The attack on the FAA is actually part of a much bigger and more difficult problem. How will the airline industry secure the global web of networks that aviation authorities use to provide data and flight clearances to planes, to update flight plans, and that pilots use to send flight plans and other data to the FAA and to their employers. Those networks, which have slowly evolved since they were first put in place in the 1960s, basically just grew. At first, they were never part of any overall plan.
FAA Panel to Study Ways to Defend Flight Systems From Hackers
Now, of course, things have changed. The FAA, like its partner agencies in Europe and Asia, is updating its data systems. But those updates are part of a very ambitious, very long-term, plan. That plan needs to be able to meet the challenge of automating the ground-based flight management systems to keep up with advances in technology, and to allow aircraft of all types to stay safe in increasingly crowded skies.
Commercial aircraft, meanwhile, are growing dramatically more sophisticated. Flight controls, navigation and other systems from fuel management to air conditioning are now automated. Flight crews may be communicating with their airlines by digital satellite links and of course passengers want WiFi and movies.
This means that the FAA, which has already been hit by at least one cyber-attack, is trying hard to make sure its networks stay secure enough to keep hackers out.

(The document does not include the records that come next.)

text \<open>prop(I), rej(I), tent(I), pend(I): computed from an (arbitrary) maximal I-feasible sequence\<close>

definition max_seq :: "('r, 'h) inst \<Rightarrow> ('r, 'h) event list" where
  "max_seq I = (SOME \<sigma>. maximal_feasible I \<sigma>)"

definition propI :: "('r, 'h) inst \<Rightarrow> ('r \<times> 'h) set" where
  "propI I = props (max_seq I)"

definition rejI :: "('r, 'h) inst \<Rightarrow> ('r \<times> 'h) set" where
  "rejI I = rejs (max_seq I)"

definition tentI :: "('r, 'h) inst \<Rightarrow> ('r \<times> 'h) set" where
  "tentI I = tents (max_seq I)"

definition pendI :: "('r, 'h) inst \<Rightarrow> ('r \<times> 'h) set" where
  "pendI I = pends I (max_seq I)"

definition resident_minimal :: "('r, 'h) inst \<Rightarrow> bool" where
  "resident_minimal I \<longleftrightarrow> propI I = {(r, h). h \<in> set (rlist I r)}"

definition presc_base :: "('r, 'h) inst \<Rightarrow> ('r \<times> 'h) set \<Rightarrow> ('r \<times> 'h) set \<Rightarrow> bool" where
  "presc_base I P X \<longleftrightarrow>
     P \<subseteq> Res I \<times> Hos I \<and> X \<subseteq> Res I \<times> Hos I
     \<and> P \<inter> propI I = {}
     \<and> (\<forall>r h h'. (r, h) \<in> P \<longrightarrow> (r, h') \<in> P \<longrightarrow> h = h')
     \<and> X \<subseteq> tentI I
     \<and> res P \<inter> res (tentI I) \<subseteq> res X
     \<and> (\<forall>h\<in>Hos I. card (res_at h (P \<union> (tentI I - X))) \<le> quota I h
          \<and> (res_at h X \<noteq> {} \<longrightarrow> card (res_at h (P \<union> (tentI I - X))) = quota I h))"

You may also recall another news report from a few weeks ago about a hacker who claimed to have taken over the engine management systems on board an airliner while he was a passenger. While it’s possible that this did indeed happen, it’s not necessarily the most critical problem faced by international airlines regulators. The fact is that even if such a thing is possible, the risk is very low because very few people can pull it off, and even fewer can do it without anyone noticing.

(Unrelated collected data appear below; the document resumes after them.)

lemma comm_rhs_D_left:
  "comm_rhs (D u) v w k m n
     = - sc (of_nat m) (comm_rhs u v w k (m - 1) n) - sc (of_nat k) (comm_rhs u v w (k - 1) m n)"
proof -
  define z where "z i = pr (m + n - i) (pr (k + i - 1) u v) w" for i
  have "comm_rhs (D u) v w k m n
      = - (\<Sum>i\<le>m. sc (of_nat (i * (m choose i))) (z i))
        - (\<Sum>i\<le>m. sc (of_nat k) (sc (of_nat (m choose i)) (z i)))"
    unfolding comm_rhs_def z_def sum_negf[symmetric] sum_subtractf[symmetric]
    by (intro sum.cong refl) (simp add: pr_D_left pr_minus_left pr_diff_left pr_scale_left algebra_simps)
  also have "(\<Sum>i\<le>m. sc (of_nat (i * (m choose i))) (z i)) = sc (of_nat m) (comm_rhs u v w k (m - 1) n)"
    unfolding sum_choose_absorb_shift
    by (intro scale_of_nat_cong) (auto simp: comm_rhs_def z_def intro!: sum.cong)
  also have "(\<Sum>i\<le>m. sc (of_nat k) (sc (of_nat (m choose i)) (z i))) = sc (of_nat k) (comm_rhs u v w (k - 1) m n)"
    unfolding scale_sum_right[symmetric]
    by (intro scale_of_nat_cong) (auto simp: comm_rhs_def z_def intro!: sum.cong)
  finally show ?thesis .
qed

lemma comm_rhs_D_middle:
  "comm_rhs u (D v) w k m n
     = - sc (of_nat n) (comm_rhs u v w k m (n - 1)) + sc (of_nat k) (comm_rhs u v w (k - 1) m n)"
proof -
  define y where "y i = pr (m + n - i - 1) (pr (k + i) u v) w" for i
  define z where "z i = pr (m + n - i) (pr (k + i - 1) u v) w" for i
  have "comm_rhs u (D v) w k m n
      = - (\<Sum>i\<le>m. sc (of_nat n) (sc (of_nat (m choose i)) (y i)))
        - (\<Sum>i\<le>m. sc (of_nat ((m - i) * (m choose i))) (y i))
        + (\<Sum>i\<le>m. sc (of_nat k) (sc (of_nat (m choose i)) (z i)))
        + (\<Sum>i\<le>m. sc (of_nat (i * (m choose i))) (z i))"
    unfolding comm_rhs_def y_def z_def sum_negf[symmetric] sum_subtractf[symmetric] sum.distrib[symmetric]
    by (intro sum.cong refl)
      (simp add: pr_D_right pr_add_left pr_D_left pr_minus_left pr_scale_left of_nat_diff algebra_simps)
  also have "(\<Sum>i\<le>m. sc (of_nat ((m - i) * (m choose i))) (y i)) = (\<Sum>i\<le>m. sc (of_nat (i * (m choose i))) (z i))"
    unfolding sum_choose_absorb_comp sum_choose_absorb_shift
    by (intro scale_of_nat_cong) (auto simp: y_def z_def intro!: sum.cong)
  also have "(\<Sum>i\<le>m. sc (of_nat n) (sc (of_nat (m choose i)) (y i))) = sc (of_nat n) (comm_rhs u v w k m (n - 1))"
    unfolding scale_sum_right[symmetric]
    by (intro scale_of_nat_cong) (auto simp: comm_rhs_def y_def intro!: sum.cong)
  also have "(\<Sum>i\<le>m. sc (of_nat k) (sc (of_nat (m choose i)) (z i))) = sc (of_nat k) (comm_rhs u v w (k - 1) m n)"
    unfolding scale_sum_right[symmetric]
    by (intro scale_of_nat_cong) (auto simp: comm_rhs_def z_def intro!: sum.cong)
  finally show ?thesis by simp
qed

But other types of cyber-threats are very real. Earlier in June, for example, the operations of LOT Polish Airlines at Warsaw Chopin Airport were disrupted by a cyber-attack on LOT’s flight planning computers. The result was similar to what happened to American Airlines through a software bug, which is to say nearly a dozen flights were grounded and others delayed.
While the attacks on flight planning and management systems don’t necessarily put passengers at risk, because the flights affected are on the ground at the time, they are very expensive. Worse, they have the potential to affect the safety of such flights if the hackers tamper with the wrong data. A good example of this might be in aircraft refueling orders. Order the wrong amount and a flight might not have enough to reach its destination.

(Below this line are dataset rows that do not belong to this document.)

(* Let $X$ be the subshift obtained from the marker construction described in the context. For each $x \in X$ and each $j \in \mathbb{N}$ there is a unique decomposition of $x$ into $\mathcal{C}_j$-words, i.e., there is a unique $r \in \{0,1,\dots,l_j-1\}$ such that $x_{[r+kl_j,\, r+(k+1)l_j)} \in \mathcal{C}_j$ for all $k \in \mathbb{Z}$.
   Context: Marker construction. Let $l_1$ be a sufficiently large perfect square and $N_1 = 2^{\sqrt{l_1}}$. Let $\mathcal{C}_1$ be a set of $N_1$ binary words of length $l_1$, each beginning with $001$, such that the word $00$ occurs in each element of $\mathcal{C}_1$ only as its prefix. Inductively, given a set $\mathcal{C}_j$ of $N_j$ distinct words of length $l_j$ with an ordering $\mathcal{C}_j = \{u_1^{(j)},\dots,u_{N_j}^{(j)}\}$, let $P_j = \{2\}\cup\{i^2 : 2 \le i \le \lfloor\sqrt{N_j}\rfloor\}$, and let $\mathcal{C}_{j+1}$ be the set of all words $u^{(j)}_{\pi(1)}u^{(j)}_{\pi(2)}\cdots u^{(j)}_{\pi(N_j)}$ where $\pi$ ranges over permutations of $\{1,\dots,N_j\}$ fixing every element outside $P_j$. Thus $N_{j+1} = (\lfloor\sqrt{N_j}\rfloor)!$ and $l_{j+1} = l_j N_j$. The ordering of $\mathcal{C}_{j+1}$ is arbitrary except that its first element $u^{(j+1)}_1$ is $u_1^{(j)}u_2^{(j)}\cdots u_{N_j}^{(j)}$. $X \subset \{0,1\}^{\mathbb{Z}}$ is the set of bi-infinite sequences each finite subword of which is a subword of some word in $\bigcup_j \mathcal{C}_j$. *)

theory Defs
  imports Complex_Main "HOL-Combinatorics.Permutations"
begin

text \<open>Binary words are bool lists (False = 0, True = 1).\<close>

definition Pset :: "nat \<Rightarrow> nat set" where
  "Pset N = {2} \<union> {i^2 | i. 2 \<le> i \<and> i \<le> nat \<lfloor>sqrt (real N)\<rfloor>}"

The FAA is right to start worrying about these issues today. Until now, the airlines have been out of reach for cyber-criminals and hackers. But that only means that they’ll try harder and it’s a pretty safe bet that one way or another they’ll be able to penetrate the networks. The question then becomes how to protect the data on the networks and how to protect the data that goes to the aircraft.
Ultimately, the FAA needs to consider how to make sure the information that travels over those networks is safe and is delivered accurately, not on whether it’s possible penetrate the network, because it will be penetrated. The problem to address is how to keep that from making a difference.